----- Records for processing

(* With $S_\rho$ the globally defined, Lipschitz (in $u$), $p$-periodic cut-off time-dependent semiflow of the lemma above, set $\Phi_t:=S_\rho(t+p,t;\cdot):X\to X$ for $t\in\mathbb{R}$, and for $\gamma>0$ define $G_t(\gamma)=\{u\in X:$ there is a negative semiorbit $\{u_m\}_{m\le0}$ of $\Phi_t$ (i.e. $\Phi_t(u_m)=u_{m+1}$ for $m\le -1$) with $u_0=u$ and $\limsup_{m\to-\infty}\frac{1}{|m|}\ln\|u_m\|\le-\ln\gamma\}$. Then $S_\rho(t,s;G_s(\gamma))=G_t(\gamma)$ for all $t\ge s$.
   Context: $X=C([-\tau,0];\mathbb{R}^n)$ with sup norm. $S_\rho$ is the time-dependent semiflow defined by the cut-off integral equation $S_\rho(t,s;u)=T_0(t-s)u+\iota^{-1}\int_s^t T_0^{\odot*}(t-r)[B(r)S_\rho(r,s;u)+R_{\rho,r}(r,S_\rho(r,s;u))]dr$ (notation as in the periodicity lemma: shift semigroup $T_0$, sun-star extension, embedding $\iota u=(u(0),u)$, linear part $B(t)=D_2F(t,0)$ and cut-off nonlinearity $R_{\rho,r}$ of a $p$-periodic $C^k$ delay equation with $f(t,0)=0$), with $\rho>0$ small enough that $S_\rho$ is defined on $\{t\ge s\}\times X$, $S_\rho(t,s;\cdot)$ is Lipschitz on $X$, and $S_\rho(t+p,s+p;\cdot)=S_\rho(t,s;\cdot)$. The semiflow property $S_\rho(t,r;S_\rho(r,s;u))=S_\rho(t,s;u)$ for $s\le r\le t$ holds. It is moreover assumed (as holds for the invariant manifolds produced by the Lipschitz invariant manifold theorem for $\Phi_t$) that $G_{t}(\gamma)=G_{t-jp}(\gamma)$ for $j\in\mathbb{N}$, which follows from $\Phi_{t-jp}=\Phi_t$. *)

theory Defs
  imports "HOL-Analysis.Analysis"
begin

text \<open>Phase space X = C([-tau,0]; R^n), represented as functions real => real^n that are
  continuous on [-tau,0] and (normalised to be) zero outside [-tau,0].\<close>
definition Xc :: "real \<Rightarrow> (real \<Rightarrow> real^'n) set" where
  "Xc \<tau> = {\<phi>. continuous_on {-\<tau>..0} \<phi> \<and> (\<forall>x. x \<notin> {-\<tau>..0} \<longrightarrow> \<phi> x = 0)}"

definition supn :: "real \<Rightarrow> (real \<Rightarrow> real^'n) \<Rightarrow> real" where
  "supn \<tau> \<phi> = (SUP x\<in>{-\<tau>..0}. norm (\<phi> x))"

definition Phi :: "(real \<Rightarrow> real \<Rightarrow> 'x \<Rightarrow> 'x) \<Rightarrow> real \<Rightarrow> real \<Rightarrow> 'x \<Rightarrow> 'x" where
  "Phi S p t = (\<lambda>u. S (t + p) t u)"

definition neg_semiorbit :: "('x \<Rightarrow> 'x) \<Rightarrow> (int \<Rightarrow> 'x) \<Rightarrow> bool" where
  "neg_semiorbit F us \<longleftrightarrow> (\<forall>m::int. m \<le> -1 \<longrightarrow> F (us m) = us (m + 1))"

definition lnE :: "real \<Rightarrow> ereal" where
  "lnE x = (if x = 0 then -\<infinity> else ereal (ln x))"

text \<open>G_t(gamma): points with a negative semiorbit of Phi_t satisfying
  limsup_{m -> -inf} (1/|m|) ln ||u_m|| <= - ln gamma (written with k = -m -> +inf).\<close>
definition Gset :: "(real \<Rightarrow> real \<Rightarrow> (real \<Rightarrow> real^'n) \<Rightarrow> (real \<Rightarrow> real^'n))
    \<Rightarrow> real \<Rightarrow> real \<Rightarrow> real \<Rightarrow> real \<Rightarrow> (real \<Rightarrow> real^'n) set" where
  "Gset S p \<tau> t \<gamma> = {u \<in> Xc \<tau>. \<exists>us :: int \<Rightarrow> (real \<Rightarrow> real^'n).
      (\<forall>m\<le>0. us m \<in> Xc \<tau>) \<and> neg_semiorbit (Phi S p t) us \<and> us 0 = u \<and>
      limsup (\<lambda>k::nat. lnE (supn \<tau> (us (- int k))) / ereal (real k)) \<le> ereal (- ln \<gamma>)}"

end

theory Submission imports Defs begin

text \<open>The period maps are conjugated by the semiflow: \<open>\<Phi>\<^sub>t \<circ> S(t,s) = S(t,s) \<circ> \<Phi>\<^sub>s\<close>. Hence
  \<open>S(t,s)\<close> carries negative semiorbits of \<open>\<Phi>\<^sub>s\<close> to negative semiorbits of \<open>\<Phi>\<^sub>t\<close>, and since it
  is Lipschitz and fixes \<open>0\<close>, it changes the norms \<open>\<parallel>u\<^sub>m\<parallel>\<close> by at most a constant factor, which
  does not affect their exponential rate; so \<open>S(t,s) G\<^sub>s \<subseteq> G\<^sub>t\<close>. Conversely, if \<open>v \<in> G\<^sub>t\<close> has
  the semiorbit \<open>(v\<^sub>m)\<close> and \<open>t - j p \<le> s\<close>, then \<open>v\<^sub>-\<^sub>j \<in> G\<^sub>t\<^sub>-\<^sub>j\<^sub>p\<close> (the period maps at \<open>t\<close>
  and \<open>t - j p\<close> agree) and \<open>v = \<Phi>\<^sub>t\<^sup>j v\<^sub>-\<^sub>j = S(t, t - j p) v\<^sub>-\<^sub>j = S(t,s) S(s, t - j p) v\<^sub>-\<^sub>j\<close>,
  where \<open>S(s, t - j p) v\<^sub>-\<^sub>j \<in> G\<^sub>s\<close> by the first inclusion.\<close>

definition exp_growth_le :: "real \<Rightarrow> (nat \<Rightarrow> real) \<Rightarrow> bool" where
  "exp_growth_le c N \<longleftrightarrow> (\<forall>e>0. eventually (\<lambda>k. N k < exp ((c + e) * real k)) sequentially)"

----------
----- Records for processing

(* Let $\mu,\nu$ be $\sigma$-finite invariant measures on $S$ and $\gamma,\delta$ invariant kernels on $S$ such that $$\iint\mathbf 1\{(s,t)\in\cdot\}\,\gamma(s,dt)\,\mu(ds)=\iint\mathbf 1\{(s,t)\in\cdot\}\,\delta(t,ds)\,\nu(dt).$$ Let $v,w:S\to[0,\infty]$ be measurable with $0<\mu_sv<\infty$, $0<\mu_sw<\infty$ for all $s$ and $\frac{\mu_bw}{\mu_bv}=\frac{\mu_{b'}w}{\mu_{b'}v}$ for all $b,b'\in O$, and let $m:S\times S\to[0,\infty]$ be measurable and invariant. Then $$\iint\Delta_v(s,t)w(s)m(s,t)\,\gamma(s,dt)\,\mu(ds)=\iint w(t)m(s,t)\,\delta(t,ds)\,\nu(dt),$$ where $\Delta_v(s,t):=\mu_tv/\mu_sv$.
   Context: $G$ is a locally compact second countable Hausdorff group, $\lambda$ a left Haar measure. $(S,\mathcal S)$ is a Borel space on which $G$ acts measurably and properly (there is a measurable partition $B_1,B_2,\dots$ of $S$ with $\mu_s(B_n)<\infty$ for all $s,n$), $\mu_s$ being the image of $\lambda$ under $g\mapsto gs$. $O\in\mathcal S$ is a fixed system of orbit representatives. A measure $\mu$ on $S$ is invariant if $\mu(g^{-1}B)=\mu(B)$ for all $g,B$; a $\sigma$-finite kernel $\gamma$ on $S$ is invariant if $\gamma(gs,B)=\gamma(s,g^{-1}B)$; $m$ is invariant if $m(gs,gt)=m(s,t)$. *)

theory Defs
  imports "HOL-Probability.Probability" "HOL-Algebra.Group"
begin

----------

▶ Problem description: For each line in the records that holds "supn", show that line as it stands.

▶ Exercise result:
definition supn :: "real \<Rightarrow> (real \<Rightarrow> real^'n) \<Rightarrow> real" where
  "supn \<tau> \<phi> = (SUP x\<in>{-\<tau>..0}. norm (\<phi> x))"
      limsup (\<lambda>k::nat. lnE (supn \<tau> (us (- int k))) / ereal (real k)) \<le> ereal (- ln \<gamma>)}"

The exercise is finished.